Two events reported by New Scientist in recent weeks have challenged some very comfortable assumptions. The first was a report of a man whose DNA matched that collected at a crime scene at which he could not have been present. It was a match for the donor of bone marrow he had been treated with some years before. The treatment had changed the man’s DNA configuration, and challenged the notion that DNA was foolproof as an identifier.
The second incident was reported this last week. A fifteen year-old boy, born as a result of an anonymous semen donation back in the late 1980s, was able to track down and identify his genetic father, simply through the internet. The event highlighted the vulnerability of anonymous donors in light of the increasing proliferation of storage facilities for DNA information. By submitting his own DNA sample the boy was linked to other children born to the donor through his marriage. The relational implications of such discoveries are complex.

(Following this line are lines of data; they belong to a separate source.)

(* (i) For all configurations $\gamma,\gamma'$ with $\gamma\to_d\gamma'$: $\gamma^{\bot}\le_d\gamma'^{\bot}$ and $\gamma'^{\top}\le_d\gamma^{\top}$. (ii) For all configurations $\gamma_0,\gamma$ such that $\gamma$ is reachable from $\gamma_0$ by a finite number (possibly zero) of d-steps: $\gamma_0^{\bot}\le_d\gamma\le_d\gamma_0^{\top}$.
   Context: Let $G$ be a finite, connected, undirected graph with node set $V$ and a distinguished node $r$ (the root); $\mathrm{dist}(p,r)$ denotes graph distance. Each node $p$ has a fixed ordered list $N(p)$ of its neighbours. A configuration $\gamma$ assigns to each node $p$ a value $\gamma.p.d\in\mathbb N$ and a neighbour $\gamma.p.par\in N(p)$. For a non-root node $p$ let $Dist_p(\gamma)=\min\{\gamma.q.d+1 : q\in N(p)\}$. Algorithm BFS: Root enabled iff $\gamma.r.d\neq 0$, executing sets $r.d:=0$. Non-root $p$, action CD: enabled iff $\gamma.p.d\ne Dist_p(\gamma)$, executing sets $p.d:=Dist_p(\gamma)$. Non-root $p$, action CP: enabled iff $\gamma.p.d=Dist_p(\gamma)$ and $\gamma.q_0.d+1\neq\gamma.p.d$ with $q_0=\gamma.p.par$; executing sets $p.par$ to the first $q\in N(p)$ with $\gamma.q.d+1=\gamma.p.d$. A step $\gamma\to\gamma'$ holds iff a nonempty set $S$ of enabled nodes simultaneously execute their enabled action (evaluated in $\gamma$), others unchanged. A d-step $\gamma\to_d\gamma'$ is a step with $\gamma.r.d=\gamma'.r.d$ and $\gamma.p.d\neq\gamma'.p.d$ for some $p$. $\min_d\gamma=\min\{\gamma.q.d:q\in V\}$. Bottom/top configurations: equal to $\gamma$ except $\gamma^{\bot}.p.d=\min_d\gamma$ for all $p$; $\gamma^{\top}.r.d=\gamma.r.d$ and for $p\neq r$, $\gamma^{\top}.p.d=\max\big(\gamma.p.d,\;1+\min\{\gamma^{\top}.q.d : q \text{ adjacent to } p,\ \mathrm{dist}(p,r)=1+\mathrm{dist}(q,r)\}\big)$. $\gamma_1\le_d\gamma_2$ iff $\gamma_1.q.d\le\gamma_2.q.d$ for all $q\in V$. *)

theory Defs
  imports Main
begin

definition adj_rel :: "('v \<Rightarrow> 'v list) \<Rightarrow> ('v \<times> 'v) set" where
  "adj_rel N = {(p, q). q \<in> set (N p)}"

definition bfs_graph :: "'v set \<Rightarrow> ('v \<Rightarrow> 'v list) \<Rightarrow> 'v \<Rightarrow> bool" where
  "bfs_graph V N r \<longleftrightarrow>
     finite V \<and> r \<in> V \<and>
     (\<forall>p\<in>V. set (N p) \<subseteq> V \<and> distinct (N p) \<and> p \<notin> set (N p)) \<and>
     (\<forall>p\<in>V. \<forall>q\<in>V. q \<in> set (N p) \<longleftrightarrow> p \<in> set (N q)) \<and>
     (\<forall>p\<in>V. (p, r) \<in> (adj_rel N)\<^sup>*)"

definition gdist :: "('v \<Rightarrow> 'v list) \<Rightarrow> 'v \<Rightarrow> 'v \<Rightarrow> nat" where
  "gdist N p q = (LEAST n. (p, q) \<in> (adj_rel N) ^^ n)"

record 'v config =
  cd :: "'v \<Rightarrow> nat"
  cpar :: "'v \<Rightarrow> 'v"

definition is_config :: "'v set \<Rightarrow> ('v \<Rightarrow> 'v list) \<Rightarrow> 'v config \<Rightarrow> bool" where
  "is_config V N \<gamma> \<longleftrightarrow> (\<forall>p\<in>V. cpar \<gamma> p \<in> set (N p))"

definition Dist :: "('v \<Rightarrow> 'v list) \<Rightarrow> 'v config \<Rightarrow> 'v \<Rightarrow> nat" where
  "Dist N \<gamma> p = Min ((\<lambda>q. cd \<gamma> q + 1) ` set (N p))"

definition enabled :: "('v \<Rightarrow> 'v list) \<Rightarrow> 'v \<Rightarrow> 'v config \<Rightarrow> 'v \<Rightarrow> bool" where
  "enabled N r \<gamma> p \<longleftrightarrow>
     (if p = r then cd \<gamma> r \<noteq> 0
      else cd \<gamma> p \<noteq> Dist N \<gamma> p \<or>
           (cd \<gamma> p = Dist N \<gamma> p \<and> cd \<gamma> (cpar \<gamma> p) + 1 \<noteq> cd \<gamma> p))"

definition exec :: "('v \<Rightarrow> 'v list) \<Rightarrow> 'v \<Rightarrow> 'v config \<Rightarrow> 'v \<Rightarrow> nat \<times> 'v" where
  "exec N r \<gamma> p =
     (if p = r then (0, cpar \<gamma> p)
      else if cd \<gamma> p \<noteq> Dist N \<gamma> p then (Dist N \<gamma> p, cpar \<gamma> p)
      else (cd \<gamma> p, the (find (\<lambda>q. cd \<gamma> q + 1 = cd \<gamma> p) (N p))))"

definition step :: "'v set \<Rightarrow> ('v \<Rightarrow> 'v list) \<Rightarrow> 'v \<Rightarrow> 'v config \<Rightarrow> 'v config \<Rightarrow> bool" where
  "step V N r \<gamma> \<gamma>' \<longleftrightarrow>
     (\<exists>S. S \<noteq> {} \<and> S \<subseteq> V \<and> (\<forall>p\<in>S. enabled N r \<gamma> p) \<and>
          (\<forall>p\<in>S. (cd \<gamma>' p, cpar \<gamma>' p) = exec N r \<gamma> p) \<and>
          (\<forall>p. p \<notin> S \<longrightarrow> cd \<gamma>' p = cd \<gamma> p \<and> cpar \<gamma>' p = cpar \<gamma> p))"

definition dstep :: "'v set \<Rightarrow> ('v \<Rightarrow> 'v list) \<Rightarrow> 'v \<Rightarrow> 'v config \<Rightarrow> 'v config \<Rightarrow> bool" where
  "dstep V N r \<gamma> \<gamma>' \<longleftrightarrow>
     step V N r \<gamma> \<gamma>' \<and> cd \<gamma> r = cd \<gamma>' r \<and> (\<exists>p\<in>V. cd \<gamma> p \<noteq> cd \<gamma>' p)"

definition min_d :: "'v set \<Rightarrow> 'v config \<Rightarrow> nat" where
  "min_d V \<gamma> = Min (cd \<gamma> ` V)"

definition bot_cfg :: "'v set \<Rightarrow> 'v config \<Rightarrow> 'v config" where
  "bot_cfg V \<gamma> = \<gamma>\<lparr>cd := (\<lambda>p. min_d V \<gamma>)\<rparr>"

primrec top_lvl :: "('v \<Rightarrow> 'v list) \<Rightarrow> 'v \<Rightarrow> 'v config \<Rightarrow> nat \<Rightarrow> 'v \<Rightarrow> nat" where
  "top_lvl N r \<gamma> 0 p = cd \<gamma> p"
| "top_lvl N r \<gamma> (Suc k) p =
     max (cd \<gamma> p) (1 + Min {top_lvl N r \<gamma> k q | q. q \<in> set (N p) \<and> gdist N q r = k})"

definition top_cfg :: "('v \<Rightarrow> 'v list) \<Rightarrow> 'v \<Rightarrow> 'v config \<Rightarrow> 'v config" where
  "top_cfg N r \<gamma> = \<gamma>\<lparr>cd := (\<lambda>p. top_lvl N r \<gamma> (gdist N p r) p)\<rparr>"

definition le_d :: "'v set \<Rightarrow> 'v config \<Rightarrow> 'v config \<Rightarrow> bool" where
  "le_d V \<gamma>1 \<gamma>2 \<longleftrightarrow> (\<forall>q\<in>V. cd \<gamma>1 q \<le> cd \<gamma>2 q)"

end

theory Submission
  imports Defs
begin

text \<open>A d-step changes the d-value of a node only by the rule \<open>p.d := Dist\<^sub>p\<close>, and
  \<open>Dist\<^sub>p\<close> is one plus the d-value of some neighbour. Hence no d-value can fall below the
  old minimum, which gives the bottom bound. For the top bound, induct on the distance
  level k: if every node of level k has top value in \<open>\<gamma>'\<close> at most that in \<open>\<gamma>\<close>, then for
  a node p of level k+1 the new value \<open>Dist\<^sub>p\<close> is bounded by one plus the top value of
  any neighbour on level k, so it never exceeds p's old top value. Part (ii) follows by
  induction along the d-steps, together with \<open>\<gamma>\<^sup>\<bottom> \<le> \<gamma> \<le> \<gamma>\<^sup>\<top>\<close>.\<close>

lemma bfs_graph_finite: "bfs_graph V N r \<Longrightarrow> finite V"
  by (simp add: bfs_graph_def)

lemma bfs_graph_nbr_in_V: "bfs_graph V N r \<Longrightarrow> p \<in> V \<Longrightarrow> q \<in> set (N p) \<Longrightarrow> q \<in> V"
  by (auto simp: bfs_graph_def)

lemma bfs_graph_reaches_root: "bfs_graph V N r \<Longrightarrow> p \<in> V \<Longrightarrow> (p, r) \<in> (adj_rel N)\<^sup>*"
  by (simp add: bfs_graph_def)

lemma bfs_graph_nonroot_has_nbr:
  assumes "bfs_graph V N r" "p \<in> V" "p \<noteq> r"
  shows "set (N p) \<noteq> {}"
proof -
  obtain q where "(p, q) \<in> adj_rel N"
    using bfs_graph_reaches_root[OF assms(1,2)] assms(3) by (metis converse_rtranclE)
  then show ?thesis by (auto simp: adj_rel_def)
qed

lemma gdist_relpow:
  assumes "bfs_graph V N r" "p \<in> V"
  shows "(p, r) \<in> adj_rel N ^^ gdist N p r"
proof -
  obtain n where "(p, r) \<in> adj_rel N ^^ n"
    using bfs_graph_reaches_root[OF assms] rtrancl_power by blast
  then show ?thesis unfolding gdist_def by (rule LeastI)
qed

lemma gdist_le: "(p, r) \<in> adj_rel N ^^ n \<Longrightarrow> gdist N p r \<le> n"
  unfolding gdist_def by (rule Least_le)

lemma gdist_eq_0_imp_root:
  assumes "bfs_graph V N r" "p \<in> V" "gdist N p r = 0"
  shows "p = r"
  using gdist_relpow[OF assms(1,2)] assms(3) by simp

lemma gdist_Suc_imp_nbr:
  assumes G: "bfs_graph V N r" and p: "p \<in> V" and k: "gdist N p r = Suc k"
  obtains q where "q \<in> set (N p)" "gdist N q r = k"
proof -
  obtain q where pq: "(p, q) \<in> adj_rel N" and "(q, r) \<in> adj_rel N ^^ k"
    using gdist_relpow[OF G p] k relpow_Suc_D2[of p r k "adj_rel N"] by auto
  then have q: "q \<in> set (N p)" and le: "gdist N q r \<le> k"
    by (auto simp: adj_rel_def intro: gdist_le)
  have "(p, r) \<in> adj_rel N ^^ Suc (gdist N q r)"
    using pq gdist_relpow[OF G bfs_graph_nbr_in_V[OF G p q]] by (rule relpow_Suc_I2)
  then have "Suc k \<le> Suc (gdist N q r)"
    using k gdist_le by metis
  with le q show thesis using that by simp
qed

lemma Dist_le: "q \<in> set (N p) \<Longrightarrow> Dist N \<gamma> p \<le> cd \<gamma> q + 1"
  unfolding Dist_def by (rule Min_le) auto

lemma Dist_attained:
  assumes "set (N p) \<noteq> {}"
  obtains q where "q \<in> set (N p)" "Dist N \<gamma> p = cd \<gamma> q + 1"
proof -
  have "Dist N \<gamma> p \<in> (\<lambda>q. cd \<gamma> q + 1) ` set (N p)"
    unfolding Dist_def using assms by (intro Min_in) auto
  then show thesis using that by blast
qed

lemma dstep_cd_cases:
  assumes "dstep V N r \<gamma> \<gamma>'"
  shows "cd \<gamma>' p = cd \<gamma> p \<or> (p \<in> V \<and> p \<noteq> r \<and> cd \<gamma>' p = Dist N \<gamma> p)"
proof -
  obtain S where S: "S \<subseteq> V" "\<forall>p\<in>S. (cd \<gamma>' p, cpar \<gamma>' p) = exec N r \<gamma> p"
      "\<forall>p. p \<notin> S \<longrightarrow> cd \<gamma>' p = cd \<gamma> p"
    and root: "cd \<gamma> r = cd \<gamma>' r"
    using assms unfolding dstep_def step_def by blast
  show ?thesis
  proof (cases "p \<in> S")
    case True
    then have "cd \<gamma>' p = fst (exec N r \<gamma> p)" using S(2) by (metis fst_conv)
    then show ?thesis using True S(1) root by (auto simp: exec_def)
  qed (use S(3) in auto)
qed

lemma min_d_le: "finite V \<Longrightarrow> q \<in> V \<Longrightarrow> min_d V \<gamma> \<le> cd \<gamma> q"
  unfolding min_d_def by simp

lemma min_d_dstep_mono:
  assumes G: "bfs_graph V N r" and D: "dstep V N r \<gamma> \<gamma>'"
  shows "min_d V \<gamma> \<le> min_d V \<gamma>'"
proof -
  have "min_d V \<gamma> \<le> cd \<gamma>' q" if q: "q \<in> V" for q
    using dstep_cd_cases[OF D, of q]
  proof
    assume "cd \<gamma>' q = cd \<gamma> q"
    then show ?thesis using min_d_le[OF bfs_graph_finite[OF G] q] by simp
  next
    assume moved: "q \<in> V \<and> q \<noteq> r \<and> cd \<gamma>' q = Dist N \<gamma> q"
    then obtain q' where q': "q' \<in> set (N q)" and "Dist N \<gamma> q = cd \<gamma> q' + 1"
      using bfs_graph_nonroot_has_nbr[OF G] Dist_attained by meson
    moreover have "min_d V \<gamma> \<le> cd \<gamma> q'"
      using min_d_le[OF bfs_graph_finite[OF G] bfs_graph_nbr_in_V[OF G q q']] .
    ultimately show ?thesis using moved by simp
  qed
  then show ?thesis
    using G unfolding min_d_def[of V \<gamma>'] bfs_graph_def by (intro Min.boundedI) auto
qed

lemma cd_le_top_lvl: "cd \<gamma> p \<le> top_lvl N r \<gamma> k p"
  by (cases k) auto

lemma top_lvl_dstep_antimono:
  assumes G: "bfs_graph V N r" and D: "dstep V N r \<gamma> \<gamma>'"
  shows "p \<in> V \<Longrightarrow> gdist N p r = k \<Longrightarrow> top_lvl N r \<gamma>' k p \<le> top_lvl N r \<gamma> k p"
proof (induction k arbitrary: p)
  case 0
  then have "p = r" using gdist_eq_0_imp_root[OF G] by blast
  then show ?case using D by (simp add: dstep_def)
next
  case (Suc k)
  define L where "L = {q \<in> set (N p). gdist N q r = k}"
  have top_Suc: "top_lvl N r \<delta> (Suc k) p = max (cd \<delta> p) (1 + Min (top_lvl N r \<delta> k ` L))"
    for \<delta> unfolding L_def by (simp add: setcompr_eq_image)
  have L: "finite L" "L \<noteq> {}"
    using gdist_Suc_imp_nbr[OF G Suc.prems] by (auto simp: L_def)
  have "Min (top_lvl N r \<gamma> k ` L) \<in> top_lvl N r \<gamma> k ` L"
    using L by simp
  then obtain q where q: "q \<in> L" and Min_eq: "Min (top_lvl N r \<gamma> k ` L) = top_lvl N r \<gamma> k q"
    by blast
  have "Min (top_lvl N r \<gamma>' k ` L) \<le> top_lvl N r \<gamma>' k q"
    using L(1) q by simp
  also have "\<dots> \<le> top_lvl N r \<gamma> k q"
    using q Suc.IH bfs_graph_nbr_in_V[OF G Suc.prems(1)] by (simp add: L_def)
  finally have Min_mono: "Min (top_lvl N r \<gamma>' k ` L) \<le> Min (top_lvl N r \<gamma> k ` L)"
    by (simp add: Min_eq)
  have "Dist N \<gamma> p \<le> 1 + Min (top_lvl N r \<gamma> k ` L)"
    using Dist_le[of q N p \<gamma>] cd_le_top_lvl[of \<gamma> q N r k] q[unfolded L_def] by (simp add: Min_eq)
  then have "cd \<gamma>' p \<le> max (cd \<gamma> p) (1 + Min (top_lvl N r \<gamma> k ` L))"
    using dstep_cd_cases[OF D, of p] by auto
  with Min_mono show ?case unfolding top_Suc by simp
qed

lemma le_d_trans: "le_d V \<gamma>1 \<gamma>2 \<Longrightarrow> le_d V \<gamma>2 \<gamma>3 \<Longrightarrow> le_d V \<gamma>1 \<gamma>3"
  unfolding le_d_def by (meson order_trans)

lemma le_d_top_cfg: "le_d V \<gamma> (top_cfg N r \<gamma>)"
  by (simp add: le_d_def top_cfg_def cd_le_top_lvl)

lemma bot_cfg_le_d: "finite V \<Longrightarrow> le_d V (bot_cfg V \<gamma>) \<gamma>"
  by (simp add: le_d_def bot_cfg_def min_d_le)

lemma dstep_bot_top_mono:
  assumes "bfs_graph V N r" "dstep V N r \<gamma> \<gamma>'"
  shows "le_d V (bot_cfg V \<gamma>) (bot_cfg V \<gamma>')" "le_d V (top_cfg N r \<gamma>') (top_cfg N r \<gamma>)"
  using min_d_dstep_mono[OF assms] top_lvl_dstep_antimono[OF assms]
  by (auto simp: le_d_def bot_cfg_def top_cfg_def)

lemma dsteps_bot_top_mono:
  assumes G: "bfs_graph V N r" and "(dstep V N r)\<^sup>*\<^sup>* \<gamma>0 \<gamma>"
  shows "le_d V (bot_cfg V \<gamma>0) (bot_cfg V \<gamma>) \<and> le_d V (top_cfg N r \<gamma>) (top_cfg N r \<gamma>0)"
  using assms(2)
proof (induction rule: rtranclp_induct)
  case (step \<gamma>1 \<gamma>2)
  then show ?case using dstep_bot_top_mono[OF G step.hyps(2)] by (meson le_d_trans)
qed (simp add: le_d_def)

theorem lemma4:
  fixes V :: "'v set" and N :: "'v \<Rightarrow> 'v list" and r :: 'v
  assumes "bfs_graph V N r"
  shows "(\<forall>\<gamma> \<gamma>'. is_config V N \<gamma> \<and> dstep V N r \<gamma> \<gamma>' \<longrightarrow>
            le_d V (bot_cfg V \<gamma>) (bot_cfg V \<gamma>') \<and>
            le_d V (top_cfg N r \<gamma>') (top_cfg N r \<gamma>))
       \<and> (\<forall>\<gamma>0 \<gamma>. is_config V N \<gamma>0 \<and> (dstep V N r)\<^sup>*\<^sup>* \<gamma>0 \<gamma> \<longrightarrow>
            le_d V (bot_cfg V \<gamma>0) \<gamma> \<and> le_d V \<gamma> (top_cfg N r \<gamma>0))"
proof (intro conjI allI impI)
  fix \<gamma> \<gamma>' assume "is_config V N \<gamma> \<and> dstep V N r \<gamma> \<gamma>'"
  then show "le_d V (bot_cfg V \<gamma>) (bot_cfg V \<gamma>')" "le_d V (top_cfg N r \<gamma>') (top_cfg N r \<gamma>)"
    using dstep_bot_top_mono[OF assms] by auto
next
  fix \<gamma>0 \<gamma> assume "is_config V N \<gamma>0 \<and> (dstep V N r)\<^sup>*\<^sup>* \<gamma>0 \<gamma>"
  then have "le_d V (bot_cfg V \<gamma>0) (bot_cfg V \<gamma>)" "le_d V (top_cfg N r \<gamma>) (top_cfg N r \<gamma>0)"
    using dsteps_bot_top_mono[OF assms] by auto
  then show "le_d V (bot_cfg V \<gamma>0) \<gamma>" "le_d V \<gamma> (top_cfg N r \<gamma>0)"
    using bot_cfg_le_d[OF bfs_graph_finite[OF assms], of \<gamma>] le_d_top_cfg[of V \<gamma> N r]
    by (auto intro: le_d_trans)
qed

end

There is no doubt that scientific developments have contributed a great deal to the quality of life. But there have been some costs, not all of which have been accounted for. The innate trust in science is highlighted by the popularity of crime shows, which ‘demonstrate’ the power of mere science to solve crimes. We are continually ‘sold’ the benefits of such developments in so many fields.
But who questions the prevailing philosophy? Who raises the thorny questions which are invariably pushed to one side in preference to the benefits which might flow? One does not need to be a Luddite in order to realise that almost every scientific development has brought a cost, whether it not be realised until much further down the track.
It is one of the characteristics of the journey of faith not only to affirm that which is good, but to question it. We have much to fear from overt evil. We have more to fear from the imperfectly good, whose sinister aspect is often hidden from view – a Trojan horse whose damage is discovered far too late to rectify.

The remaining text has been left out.